= Dear Matafele Peinem =

"Dear Matafele Peinam" is a poem by the Marshallese poet Kathy Jetn̄il-Kijiner. Written in English, the poem is a letter to her then seven month old daughter, Matafele Peinam. The poem is most notable for its having been read aloud by Jetn̄il-Kijiner at the opening ceremony of the 2014 UN Climate Summit, held at the United Nations headquarters in New York in September 2014; it received a standing ovation from the gathered delegates which lasted over one minute.

The poem's content primarily deals with the global climate crisis which, via rising sea levels, threatens to inundate the Marshall Islands. In the poem, Jetn̄il-Kijiner promises that she will protect her daughter from the crisis, and assures her, and her descendants, the ability to live in the Marshall Islands. The poem, however, also recognizes the failure to avoid the relocation of the Carteret Islanders, and promises that "We are drawing the line now"

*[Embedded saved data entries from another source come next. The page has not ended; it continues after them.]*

lemma is_run_preserves_illegal:
  fixes \<sigma> :: "'o::wellorder \<Rightarrow> 'c \<Rightarrow> 'c"
  assumes confined: "\<And>c. c \<in> Cells \<Longrightarrow>
      \<exists>K. finite K \<and> c \<in> K \<and> K \<subseteq> Cells \<and> stable_under B K"
    and moves: "\<forall>\<eta><\<theta>. \<sigma> \<eta> \<in> B" and "\<not> legal Cells f0" and run: "is_run \<sigma> \<theta> f0 F"
  shows "\<not> legal Cells (F \<theta>)"
proof -
  obtain c where c: "c \<in> Cells" "f0 c = None"
    using \<open>\<not> legal Cells f0\<close> unfolding legal_def by blast
  obtain K where K: "finite K" "c \<in> K" "K \<subseteq> Cells" "stable_under B K"
    using confined[OF c(1)] by blast
  have "\<not> legal K f0"
    using K(2) c(2) unfolding legal_def by blast
  moreover have "\<forall>\<eta><\<theta>. inj (\<sigma> \<eta>) \<and> \<sigma> \<eta> ` K \<subseteq> K"
    using K(4) moves unfolding stable_under_def by simp
  ultimately have "\<not> legal K (F \<theta>)"
    by (intro is_run_not_legal[OF run K(1)]) simp_all
  then show ?thesis
    using K(3) unfolding legal_def by blast
qed

lemma funpow_image_subset: "f ` K \<subseteq> K \<Longrightarrow> (f ^^ n) ` K \<subseteq> K"
  by (induction n) auto
definition right_ideal1 :: "'a::semigroup_mult \<Rightarrow> 'a set" where
  "right_ideal1 x = insert x (range (\<lambda>s. x * s))"

definition R_class :: "'a::semigroup_mult \<Rightarrow> 'a set" where
  "R_class x = {y. right_ideal1 y = right_ideal1 x}"

definition right_zero_semigroup :: "'b set \<Rightarrow> ('b \<Rightarrow> 'b \<Rightarrow> 'b) \<Rightarrow> bool" where
  "right_zero_semigroup E m \<longleftrightarrow> (\<forall>e\<in>E. \<forall>f\<in>E. m e f = f)"

text \<open>The group and the
  right zero semigroup are taken with carriers in the type 'a (no loss: both embed in T).\<close>
definition right_group :: "('a::semigroup_mult) set \<Rightarrow> bool" where
  "right_group T \<longleftrightarrow> subsemigroup T \<and>
     (\<exists>(G :: 'a monoid) (E :: 'a set) (\<phi> :: 'a \<Rightarrow> 'a \<times> 'a).
        group G \<and> right_zero_semigroup E (\<lambda>e f. f) \<and>
        bij_betw \<phi> T (carrier G \<times> E) \<and>
        (\<forall>x\<in>T. \<forall>y\<in>T. \<phi> (x * y) = (fst (\<phi> x) \<otimes>\<^bsub>G\<^esub> fst (\<phi> y), snd (\<phi> y))))"

end

theory Submission
  imports Defs
begin

(* The whole argument rests on one observation: in a left cancellative semigroup every
   idempotent e is a left identity (e(es) = es forces es = s), and every right unit of an
   element (xe = x) is idempotent and is uniquely determined by x.  For a regular x with
   x = xzx the element zx is such a right unit, so the right unit of x, written
   right_unit x, is defined by a description.

   From this we derive, in order: the set U of regular elements is closed under products
   and under taking factors (part (i)); after fixing one idempotent e, U is the right group
   Ue x {idempotents} via x \<mapsto> (xe, right_unit x) (part (ii)); and for any y with a right
   unit, the R-class of y is yU.  Part (iii) follows because a nontrivial R-class of x
   gives x a right unit, and part (iv) because xU = (xe)U and xe has the right unit e. *)

lemma idempotent_regular: "(e::'a::semigroup_mult) * e = e \<Longrightarrow> regular_el e"
  unfolding regular_el_def by (rule exI[of _ e]) simp
lemma alpha_pow_Suc: "alpha_pow (Suc i) \<alpha> K = \<alpha> (Suc i) ^ K (Suc i) * alpha_pow i \<alpha> K"
  by (simp add: alpha_pow_def)

lemma alpha_pow_cong:
  "(\<And>l. 1 \<le> l \<Longrightarrow> l \<le> i \<Longrightarrow> K l = K' l) \<Longrightarrow> alpha_pow i \<alpha> K = alpha_pow i \<alpha> K'"
  by (induction i) (auto simp: alpha_pow_Suc)

lemma alpha_pow_eq_1: "(\<And>l. 1 \<le> l \<Longrightarrow> l \<le> i \<Longrightarrow> K l = 0) \<Longrightarrow> alpha_pow i \<alpha> K = 1"
  by (induction i) (auto simp: alpha_pow_Suc)

lemma alpha_pow_incr_leading:
  assumes "1 \<le> m" "m \<le> i" "\<And>l. m < l \<Longrightarrow> K l = 0"
  shows "alpha_pow i \<alpha> (K(m := K m + 1)) = \<alpha> m * alpha_pow i \<alpha> K"
  using assms
proof (induction i)
  case (Suc i)
  show ?case
  proof (cases "m = Suc i")
    case True
    have "alpha_pow i \<alpha> (K(m := K m + 1)) = alpha_pow i \<alpha> K"
      by (rule alpha_pow_cong) (use True in auto)
    then show ?thesis
      using True by (simp add: alpha_pow_Suc mult.assoc fun_upd_def)
  next
    case False
    then show ?thesis
      using Suc by (simp add: alpha_pow_Suc)
  qed
qed simp

lemma idx_upd: "K \<in> idx n \<Longrightarrow> m \<in> {1..n} \<Longrightarrow> K(m := x) \<in> idx n"
  by (auto simp: idx_def)

lemma ord_idx_incr:
  assumes "m \<in> {1..n}"
  shows "ord_idx n (K(m := K m + 1)) = ord_idx n K + 1"
proof -
  have "ord_idx n (K(m := K m + 1)) = (\<Sum>l = 1..n. K l + (if l = m then 1 else 0))"
    unfolding ord_idx_def by (rule sum.cong) auto
  then show ?thesis
    using assms by (simp add: sum.distrib ord_idx_def)
qed

lemma ord_idx_decr: "m \<in> {1..n} \<Longrightarrow> 0 < K m \<Longrightarrow> ord_idx n (K(m := K m - 1)) + 1 = ord_idx n K"
  using ord_idx_incr[of m n "K(m := K m - 1)"] by simp

lemma ord_idx_eq_0D: "K \<in> idx n \<Longrightarrow> ord_idx n K = 0 \<Longrightarrow> K l = 0"
  by (cases "l \<in> {1..n}") (auto simp: idx_def ord_idx_def)

lemma idx_leading_index:
  assumes "K \<in> idx n" "0 < K l"
  obtains j where "j \<in> {1..n}" "l \<le> j" "0 < K j" "\<And>i. j < i \<Longrightarrow> K i = 0"
proof -
  let ?supp = "{i \<in> {1..n}. 0 < K i}"
  have l: "l \<in> ?supp"
    using assms by (auto simp: idx_def)
  have fin: "finite ?supp"
    by simp
  have "Max ?supp \<in> ?supp"
    using Max_in[OF fin] l by blast
  moreover have "l \<le> Max ?supp"
    using Max_ge[OF fin l] .
  moreover have "K i = 0" if "Max ?supp < i" for i
  proof (cases "i \<in> ?supp")
    case True
    then show ?thesis
      using Max_ge[OF fin True] that by simp
  next
    case False
    then show ?thesis
      using assms(1) by (auto simp: idx_def)
  qed
  ultimately show thesis
    using that by blast
qed

lemma finite_idx_ord: "finite {I \<in> idx n. ord_idx n I = p}"
proof (rule finite_subset)
  show "{I \<in> idx n. ord_idx n I = p}
      \<subseteq> {I. \<forall>x. (x \<in> {1..n} \<longrightarrow> I x \<in> {0..p}) \<and> (x \<notin> {1..n} \<longrightarrow> I x = 0)}"
    by (auto simp: idx_def ord_idx_def member_le_sum)
  show "finite {I. \<forall>x. (x \<in> {1..n} \<longrightarrow> I x \<in> {0..p}) \<and> (x \<notin> {1..n} \<longrightarrow> I x = (0::nat))}"
    by (rule finite_set_of_finite_funs) auto
qed
text \<open>The proximal mapping viewed as a function (meaningful where prox is single-valued).\<close>
definition prox_fun :: "('a::real_normed_vector \<Rightarrow> ereal) \<Rightarrow> real \<Rightarrow> 'a \<Rightarrow> 'a" where
  "prox_fun g \<gamma> x = (THE z. z \<in> prox g \<gamma> x)"

definition FB :: "('a::real_inner \<Rightarrow> 'a) \<Rightarrow> ('a \<Rightarrow> ereal) \<Rightarrow> real \<Rightarrow> 'a \<Rightarrow> 'a set" where
  "FB gradf g \<gamma> x = prox g \<gamma> (x - \<gamma> *\<^sub>R gradf x)"

definition FBres :: "('a::real_inner \<Rightarrow> 'a) \<Rightarrow> ('a \<Rightarrow> ereal) \<Rightarrow> real \<Rightarrow> 'a \<Rightarrow> 'a set" where
  "FBres gradf g \<gamma> x = (\<lambda>z. (1 / \<gamma>) *\<^sub>R (x - z)) ` FB gradf g \<gamma> x"

definition fixpts :: "('a \<Rightarrow> 'a set) \<Rightarrow> 'a set" where
  "fixpts T = {x. x \<in> T x}"

definition FBE :: "('a::real_inner \<Rightarrow> real) \<Rightarrow> ('a \<Rightarrow> 'a) \<Rightarrow> ('a \<Rightarrow> ereal) \<Rightarrow> real \<Rightarrow> 'a \<Rightarrow> ereal" where
  "FBE f gradf g \<gamma> x = (INF u. ereal (f x + gradf x \<bullet> (u - x) + norm (u - x) ^ 2 / (2 * \<gamma>)) + g u)"

definition clarke_jac :: "('n vec \<Rightarrow> 'm vec) \<Rightarrow> 'n vec \<Rightarrow> (real ^ 'n ^ 'm) set" where
  "clarke_jac F x = convex hull {A. \<exists>y. (\<forall>k. F differentiable (at (y k))) \<and> y \<longlonglongrightarrow> x \<and>
                                        (\<lambda>k. jacobian F (at (y k))) \<longlonglongrightarrow> A}"

definition lambda_min :: "real ^ 'n ^ 'n \<Rightarrow> real" where
  "lambda_min B = Inf {e. \<exists>v. v \<noteq> 0 \<and> B *v v = e *\<^sub>R v}"

definition limit_points :: "(nat \<Rightarrow> 'a::topological_space) \<Rightarrow> 'a set" where
  "limit_points X = {a. \<exists>h. strict_mono h \<and> (X \<circ> h) \<longlonglongrightarrow> a}"

end

theory Submission
  imports Defs
begin

text \<open>
  For every \<open>xb \<in> T\<^sub>\<gamma>(x)\<close> the forward-backward envelope is finite and, by the descent lemma,
  \<open>\<phi>(xb) \<le> \<phi>\<^sub>\<gamma>(x) \<le> \<phi>(xb) + (1/(2\<gamma>) + L\<^sub>f/2) \<parallel>xb - x\<parallel>\<^sup>2\<close>.
  Since the curvature term in the line-search test is nonpositive, every accepted step decreases
  \<open>\<phi>\<^sub>\<gamma>\<close> by at least \<open>\<sigma> \<parallel>r\<^sub>k\<parallel>\<^sup>2\<close>, while \<open>\<phi>\<^sub>\<gamma> \<ge> min \<phi>\<close> by the lower bound. Telescoping gives
  \<open>\<Sum> \<parallel>r\<^sub>k\<parallel>\<^sup>2 < \<infinity>\<close> and convergence of \<open>\<phi>\<^sub>\<gamma>(x\<^sub>k)\<close>. Hence \<open>x\<^sub>k - xb\<^sub>k = \<gamma> r\<^sub>k \<rightarrow> 0\<close>, so both
  sequences have the same limit points; these are fixed points of \<open>T\<^sub>\<gamma>\<close> because the graph of the
  proximal map of a lower semicontinuous function is closed, and the sandwich above forces
  \<open>\<phi>(xb\<^sub>k)\<close> to the same limit as \<open>\<phi>\<^sub>\<gamma>(x\<^sub>k)\<close>.
\<close>

lemma lipschitz_gradient_taylor_bound:
  fixes f :: "'a::real_inner \<Rightarrow> real"
  assumes f_grad: "\<And>z. (f has_derivative (\<lambda>h. gradf z \<bullet> h)) (at z)"
    and grad_lip: "\<And>u v. norm (gradf u - gradf v) \<le> L * norm (u - v)"
  shows "\<bar>f y - f x - gradf x \<bullet> (y - x)\<bar> \<le> L / 2 * norm (y - x) ^ 2"
proof -
  define v where "v = y - x"
  define G where "G c t = f (x + t *\<^sub>R v) - t * (gradf x \<bullet> v) + c * t\<^sup>2 * norm v ^ 2" for c t
  have G_deriv: "(G c has_real_derivative
      (gradf (x + t *\<^sub>R v) - gradf x) \<bullet> v + c * (2 * t) * norm v ^ 2) (at t)" for c t
  proof -
    have "((\<lambda>t. x + t *\<^sub>R v) has_derivative (\<lambda>s. s *\<^sub>R v)) (at t)"
      by (auto intro!: derivative_eq_intros)
    from diff_chain_at[OF this f_grad]
    have "((\<lambda>t. f (x + t *\<^sub>R v)) has_derivative (\<lambda>s. gradf (x + t *\<^sub>R v) \<bullet> (s *\<^sub>R v))) (at t)"
      by (simp add: o_def)
    then have "((\<lambda>t. f (x + t *\<^sub>R v)) has_real_derivative gradf (x + t *\<^sub>R v) \<bullet> v) (at t)"
      by (simp add: has_field_derivative_def mult_commute_abs)
    then show ?thesis
      unfolding G_def by (auto intro!: derivative_eq_intros simp: inner_diff_left)
  qed
  have slope: "\<bar>(gradf (x + t *\<^sub>R v) - gradf x) \<bullet> v\<bar> \<le> L * t * norm v ^ 2" if "0 \<le> t" for t
  proof -
    have "\<bar>(gradf (x + t *\<^sub>R v) - gradf x) \<bullet> v\<bar> \<le> norm (gradf (x + t *\<^sub>R v) - gradf x) * norm v"
      by (rule Cauchy_Schwarz_ineq2)
    also have "\<dots> \<le> L * norm (t *\<^sub>R v) * norm v"
      using grad_lip[of "x + t *\<^sub>R v" x] by (simp add: mult_right_mono)
    finally show ?thesis using that by (simp add: power2_eq_square mult.assoc)
  qed
  have "G (- L / 2) 1 \<le> G (- L / 2) 0"
    by (rule DERIV_nonpos_imp_nonincreasing[of 0 1])
      (use G_deriv slope in \<open>force simp: abs_le_iff\<close>)+
  moreover have "G (L / 2) 0 \<le> G (L / 2) 1"
    by (rule DERIV_nonneg_imp_nondecreasing[of 0 1])
      (use G_deriv slope in \<open>force simp: abs_le_iff\<close>)+
  ultimately show ?thesis unfolding G_def v_def abs_le_iff by simp
qed
lemma sum_inverse_odd_squares_le:
  "(\<Sum>k\<in>{-int N..int N}. 1 / (2 * real_of_int k + 1)\<^sup>2) \<le> 3 - 2 / (2 * real N + 1)"
proof (induction N)
  case (Suc N)
  define u where "u = 2 * real N + 1"
  have u: "u \<ge> 1" by (simp add: u_def)
  have "1 / (u + 2)\<^sup>2 + 1 / u\<^sup>2 \<le> 2 / u - 2 / (u + 2)"
  proof -
    have "u\<^sup>2 + (u + 2)\<^sup>2 = 4 * u * (u + 2) - (2 * u\<^sup>2 + 4 * u - 4)"
      by (simp add: power2_eq_square algebra_simps)
    moreover have "0 \<le> u\<^sup>2" by simp
    ultimately have "u\<^sup>2 + (u + 2)\<^sup>2 \<le> 4 * u * (u + 2)" using u by linarith
    then have "(u\<^sup>2 + (u + 2)\<^sup>2) / (u\<^sup>2 * (u + 2)\<^sup>2) \<le> 4 * u * (u + 2) / (u\<^sup>2 * (u + 2)\<^sup>2)"
      by (rule divide_right_mono) simp
    moreover have "1 / (u + 2)\<^sup>2 + 1 / u\<^sup>2 = (u\<^sup>2 + (u + 2)\<^sup>2) / (u\<^sup>2 * (u + 2)\<^sup>2)"
      and "4 * u * (u + 2) / (u\<^sup>2 * (u + 2)\<^sup>2) = 2 / u - 2 / (u + 2)"
      using u by (simp_all add: divide_simps power2_eq_square)
    ultimately show ?thesis by simp
  qed
  moreover have "1 / (2 * real_of_int (int (Suc N)) + 1)\<^sup>2 = 1 / (u + 2)\<^sup>2"
    and "1 / (2 * real_of_int (- int (Suc N)) + 1)\<^sup>2 = 1 / u\<^sup>2"
    by (simp_all add: u_def power2_eq_square algebra_simps)
  moreover have "3 - 2 / (2 * real (Suc N) + 1) = 3 - 2 / (u + 2)" by (simp add: u_def)
  ultimately show ?case
    using Suc.IH unfolding sum_int_symmetric_Suc u_def[symmetric] by linarith
qed simp

lemma exp_in_ann_shell:
  assumes "\<bar>Im z - r\<bar> \<le> r / 2"
  shows "exp (\<i> * z) \<in> ann_shell r"
proof -
  have "r / 2 \<le> Im z" "Im z \<le> 3 * r / 2" using assms unfolding abs_le_iff by linarith+
  then show ?thesis by (simp add: ann_shell_def)
qed

lemma S_ann_on_line:
  assumes r: "r > 0" and z: "Im z = r"
  shows "Re (S_ann r (exp (\<i> * z))) = 1"
    and "\<bar>Im (S_ann r (exp (\<i> * z)))\<bar> \<le> 6 * \<bar>Re z\<bar> / r\<^sup>2"
proof -
  let ?s = "\<lambda>N. \<Sum>k\<in>{-int N..int N}. ann_term r (exp (\<i> * z)) k"
  have lim: "?s \<longlonglongrightarrow> S_ann r (exp (\<i> * z))"
    using r z by (intro ann_partial_sums_LIMSEQ exp_in_ann_shell) auto
  have "(\<lambda>N. Re (?s N)) \<longlonglongrightarrow> 1"
    unfolding Re_ann_partial_sum_on_line[OF z] using r by (rule cayley_re_exp_LIMSEQ)
  then show "Re (S_ann r (exp (\<i> * z))) = 1"
    using tendsto_Re[OF lim] LIMSEQ_unique by blast
  have "\<bar>Im (?s N)\<bar> \<le> 6 * \<bar>Re z\<bar> / r\<^sup>2" for N
  proof -
    have "\<bar>Im (?s N)\<bar> \<le> (\<Sum>k\<in>{-int N..int N}. \<bar>Im (ann_term r (exp (\<i> * z)) k)\<bar>)"
      unfolding Im_sum by (rule sum_abs)
    also have "\<dots> \<le> (\<Sum>k\<in>{-int N..int N}. 2 * \<bar>Re z\<bar> / r\<^sup>2 * (1 / (2 * real_of_int k + 1)\<^sup>2))"
      using abs_Im_ann_term_on_line_le[OF r z] by (intro sum_mono) (simp add: power_mult_distrib mult.commute)
    also have "\<dots> \<le> 2 * \<bar>Re z\<bar> / r\<^sup>2 * 3"
      unfolding sum_distrib_left[symmetric] using sum_inverse_odd_squares_le[of N]
      by (intro mult_left_mono) (simp_all add: order_trans)
    finally show ?thesis by simp
  qed
  then show "\<bar>Im (S_ann r (exp (\<i> * z)))\<bar> \<le> 6 * \<bar>Re z\<bar> / r\<^sup>2"
    by (intro LIMSEQ_le_const2[OF tendsto_rabs[OF tendsto_Im[OF lim]]]) auto
qed
definition S1 :: "real \<Rightarrow> (real \<times> real) set" where
  "S1 h = {(x, y). x \<le> h \<and> x\<^sup>2 + y\<^sup>2 \<le> 1}"

definition B :: "nat \<Rightarrow> real \<Rightarrow> real" where
  "B i h = integral (S1 h) (\<lambda>(x, y). wt i x y)"

definition S2 :: "real \<Rightarrow> real \<Rightarrow> (real \<times> real) set" where
  "S2 h1 h2 = {(x, y). x \<le> h1 \<and> y \<le> h2 \<and> x\<^sup>2 + y\<^sup>2 \<le> 1}"

definition C :: "nat \<Rightarrow> real \<Rightarrow> real \<Rightarrow> real" where
  "C i h1 h2 = integral (S2 h1 h2) (\<lambda>(x, y). wt i x y)"

end

theory Submission
  imports Defs
begin

text \<open>
  By Fubini's theorem for continuous functions on compact sets, \<open>C\<close> is an iterated integral
  along the vertical chords of the disk, and since the weight is symmetric,
  \<open>C i h1 h2 = C i h2 h1\<close>. If \<open>h1\<^sup>2 + h2\<^sup>2 > 1\<close> the corner \<open>(h1, h2)\<close> lies outside the
  disk, so the two constraints interact trivially: the region is empty, one constraint is
  inactive, or (both \<open>h\<close> positive) the half-disks \<open>x \<le> h1\<close> and \<open>y \<le> h2\<close> cover the disk and
  meet in the region, which gives \<open>C = B + B - disk\<close> by inclusion-exclusion.
  Inside the disk, \<open>C i h1 h2\<close> is the lower half-disk cut at \<open>x = h1\<close> plus the strip
  \<open>0 \<le> y \<le> h2\<close>. Both are computed by the fundamental theorem of calculus with explicit
  antiderivatives: the first is a circular sector plus a triangle, and the chord integral over
  the strip is the derivative of \<open>A i h1 y + A i y h1\<close>, the weighted area of the rectangle
  \<open>[0, h1] \<times> [0, y]\<close>.
\<close>

subsection \<open>Integration on compact subsets of the plane\<close>

lemma integrable_on_compact:
  fixes f :: "'a::euclidean_space \<Rightarrow> real"
  assumes "compact S" "continuous_on S f"
  shows "f integrable_on S"
  using integrable_on_lborel[OF borel_integrable_compact[OF assms]]
  by (simp add: indicator_times_eq_if integrable_restrict_UNIV)
(* Let $f_0$ be a piecewise expanding unimodal map whose critical point $c$ is not periodic. Then: (A) For every $\eta>0$ there exists a neighborhood $W$ of $f_0$ in $\mathcal U^1$ (for the norm $|\cdot|_1$) such that $|J(f,v)-J(f_0,v)|\le\eta|v|_1$ for every $v\in\mathcal B^1(I)$ and every $f\in W$. (B) For every $v_0\in\mathcal B^0(I)$, the function $f\mapsto J(f,v_0)$ on $\mathcal U^1$ is continuous at $f=f_0$ with respect to the norm $|\cdot|_1$.
   Context: Let $I=[-1,1]$ and $c=0$. For $k\ge0$, $\mathcal B^k(I)$ is the Banach space of continuous $f:I\to\mathbb R$ that are $C^k$ on $[-1,0]$ and on $[0,1]$ with $f(1)=f(-1)$, normed by $|f|_k=\max\{|f|_{C^k[-1,0]},|f|_{C^k[0,1]}\}$, $|f|_{C^k(Q)}=\max_{0\le i\le k}\sup_Q|D^if|$. $\mathcal U^1$ is the set of piecewise expanding unimodal maps: $f\in\mathcal B^1(I)$ with $f(-1)=f(1)=-1$, $\inf_{x\in[-1,0]}Df(x)>1$, $\sup_{x\in[0,1]}Df(x)<-1$ and $f(0)\le1$. For bounded $v:I\to\mathbb R$: if $c$ is not periodic for $f$, $J(f,v)=\sum_{i=0}^\infty \frac{v(f^i(c))}{Df^i(f(c))}$; if $c$ has prime period $p$, $J(f,v)=\sum_{i=0}^{p-1}\frac{v(f^i(c))}{Df^i(f(c))}$. *)

theory Defs
  imports "HOL-Analysis.Analysis"
begin
lemma fixed_point_of_contracting_selector:
  assumes "tvs TYPE('e)" "ccomplete P d" "lsc P d \<phi>" "\<And>y. \<phi> y \<in> P"
    and "0 \<le> k" "0 \<le> s" "s < 1"
    and step: "\<And>y. cle P (d y (f y)) (k *\<^sub>R \<phi> y)"
    and contract: "\<And>y. cle P (\<phi> (f y)) (s *\<^sub>R \<phi> y)"
  shows "\<exists>l. f l = l"
proof -
  note cle_trans[OF cone, trans]
  fix x\<^sub>0
  define x where "x n = (f ^^ n) x\<^sub>0" for n
  have x_Suc: "x (Suc n) = f (x n)" for n unfolding x_def by simp
  have orbit: "cle P (\<phi> (x n)) ((s ^ n) *\<^sub>R \<phi> x\<^sub>0)" for n
    using cle_geometric_decay[OF cone assms(6), of "\<lambda>n. \<phi> (x n)"] contract x_Suc
    by (simp add: x_def)
  have "cle P (d (x n) (x (Suc n))) ((s ^ n) *\<^sub>R (k *\<^sub>R \<phi> x\<^sub>0))" for n
  proof -
    have "cle P (d (x n) (x (Suc n))) (k *\<^sub>R \<phi> (x n))" using step x_Suc by simp
    also have "cle P \<dots> (k *\<^sub>R ((s ^ n) *\<^sub>R \<phi> x\<^sub>0))" using cle_scaleR[OF cone assms(5) orbit] .
    finally show ?thesis by (simp add: mult.commute)
  qed
  with ccauchy_of_geometric[OF assms(1) _ assms(6,7)] cone_scaleR[OF cone assms(4,5)]
  obtain l where conv: "cconv P d x l"
    using assms(2) unfolding ccomplete_def by blast
  have "cle P (\<phi> l) ((s ^ N) *\<^sub>R \<phi> x\<^sub>0)" for N
  proof (rule lsc_le_of_cconv[OF assms(3) cconv_shift[OF conv, of N]])
    fix n
    have "s ^ (n + N) \<le> s ^ N" using assms(6,7) by (simp add: power_decreasing)
    then show "cle P (\<phi> (x (n + N))) ((s ^ N) *\<^sub>R \<phi> x\<^sub>0)"
      using orbit[of "n + N"] cle_scaleR_left_mono[OF cone assms(4)] cle_trans[OF cone] by blast
  qed
  then have "cle P (\<phi> l) 0" by (rule cle_zero_of_le_geometric[OF assms(1) cone assms(6,7)])
  from cle_trans[OF cone step cle_scaleR[OF cone assms(5) this]]
  have "f l = l" using d_le_0_imp_eq by (simp add: eq_commute)
  then show ?thesis ..
qed

end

Commenting on the poem in his retrospective documentary The Last Years of Majuro, in regards to the predicted inundation of the Marshall Islands due to climate change, Sam Denby said, "In stories, the underdog is supposed to win. When they give it their all, [...] when they read 'Dear Matafele Peinam', when they chant 1.5 to stay alive, it’s supposed to work. Today, projections show that under the best case scenario, we’ll reach 1.5 in 2052."